Key things to remember about nonmaleficence

  • Nonmaleficence is the APA ethical principle requiring psychologists to avoid causing harm to clients in clinical or therapeutic settings.

  • It's one of four ethical principles in the CED for Topic 5.5, along with fidelity, integrity, and respect for people's rights and dignity.

  • On the exam, a scenario where a therapist ignores client distress or continues a damaging treatment signals a nonmaleficence violation.

  • Nonmaleficence differs from beneficence: avoiding harm is not the same as actively doing good.

  • Historical treatments like the lobotomy are the classic AP examples of what violating nonmaleficence looks like.

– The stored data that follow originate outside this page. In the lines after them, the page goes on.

(* Let $A$ (in $\mathcal H$) and $B$ (in $\mathcal K$) be closed densely defined operators with $A\dashv B$ via a (possibly unbounded) intertwining operator $T$. Then: (i) $\sigma_p(A)\subseteq\sigma_p(B)$; if $\xi\in D(A)$ is an eigenvector of $A$ for eigenvalue $\lambda$, then $T\xi$ is an eigenvector of $B$ for $\lambda$; hence for every $\lambda\in\sigma_p(A)$ the multiplicities satisfy $m_A(\lambda)\le m_B(\lambda)$; (ii) if $TD(A)=D(B)$ and $T^{-1}$ is bounded, then $\sigma_p(A)=\sigma_p(B)$; (iii) if $T^{-1}$ is bounded and $TD(A)$ is a core for $B$, then $\sigma_p(B)\subseteq\sigma(A)$.
   Context: A closed densely defined operator $T:D(T)\subseteq\mathcal H\to\mathcal K$ is an intertwining operator for $A$ and $B$ if $D(A)\subseteq D(T)$ and $AD(A)\subseteq D(T)$, $TD(A)\subseteq D(B)$, and $BT\xi=TA\xi$ for all $\xi\in D(A)$. $A\dashv B$ means there is such an intertwining operator $T$, injective with densely defined inverse $T^{-1}$ (defined on $R(T)$). $\sigma_p$ denotes the set of eigenvalues, $m_A(\lambda)$ the dimension of $\ker(A-\lambda I)$, and $\sigma(A)$ the spectrum (complement of the set of $\lambda$ for which $A-\lambda I$ has a bounded everywhere defined inverse). *)

theory Defs
  imports "HOL-Analysis.Analysis"
begin

class complex_vector = real_vector +
  fixes scaleC :: "complex \<Rightarrow> 'a \<Rightarrow> 'a" (infixr \<open>*\<^sub>C\<close> 75)
  assumes scaleC_add_right: "scaleC a (x + y) = scaleC a x + scaleC a y"
    and scaleC_add_left: "scaleC (a + b) x = scaleC a x + scaleC b x"
    and scaleC_scaleC: "scaleC a (scaleC b x) = scaleC (a * b) x"
    and scaleC_one: "scaleC 1 x = x"
    and scaleR_scaleC: "scaleR r x = scaleC (complex_of_real r) x"

class complex_normed_vector = complex_vector + real_normed_vector +
  assumes norm_scaleC: "norm (scaleC a x) = cmod a * norm x"

class complex_inner = complex_normed_vector +
  fixes cinner :: "'a \<Rightarrow> 'a \<Rightarrow> complex"
  assumes cinner_commute: "cinner x y = cnj (cinner y x)"
    and cinner_add_left: "cinner (x + y) z = cinner x z + cinner y z"
    and cinner_scaleC_left: "cinner (scaleC r x) y = cnj r * cinner x y"
    and cinner_self_real: "Im (cinner x x) = 0"
    and cinner_self_nonneg: "0 \<le> Re (cinner x x)"
    and cinner_self_eq_0: "cinner x x = 0 \<longleftrightarrow> x = 0"
    and norm_eq_sqrt_cinner: "norm x = sqrt (Re (cinner x x))"

class chilbert_space = complex_inner + complete_space

section \<open>Unbounded operators, given by a domain D and a map f (values outside D irrelevant)\<close>

definition csubspace :: "'a::complex_vector set \<Rightarrow> bool" where
  "csubspace S \<longleftrightarrow> 0 \<in> S \<and> (\<forall>x\<in>S. \<forall>y\<in>S. x + y \<in> S) \<and> (\<forall>c. \<forall>x\<in>S. c *\<^sub>C x \<in> S)"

  • The principle helps explain the modern emphasis on evidence-based interventions, since untested treatments carry a higher risk of harming clients.

Frequently asked questions about nonmaleficence

What is nonmaleficence in AP Psychology?

Nonmaleficence is the APA ethical principle that psychologists must avoid causing harm to clients during treatment. It's covered in Topic 5.5 of Unit 5, alongside fidelity, integrity, and respect for people's rights and dignity.

What's the difference between nonmaleficence and beneficence?

Beneficence means actively benefiting the client; nonmaleficence means avoiding harm. The AP exam tests nonmaleficence specifically, so look for scenarios where a client is hurt or their distress is ignored.

Is nonmaleficence the same as informed consent?

No. Informed consent is about telling clients or participants what they're agreeing to, which falls under respecting rights and autonomy. Nonmaleficence is specifically about preventing harm. A therapist could obtain consent and still violate nonmaleficence by continuing a harmful treatment.

What's an example of violating nonmaleficence?

Continuing exposure therapy after a client reports severe emotional distress and asks to stop is a textbook violation. Historically, the lobotomy, which caused permanent brain damage, is the course's biggest example of treatment that harmed patients.

Is nonmaleficence on the AP Psych exam?

Yes. Learning objective 5.5.B requires you to describe the APA's ethical principles in treatment, and nonmaleficence is named directly in the essential knowledge. It usually appears in scenario-based multiple-choice questions asking which principle was violated.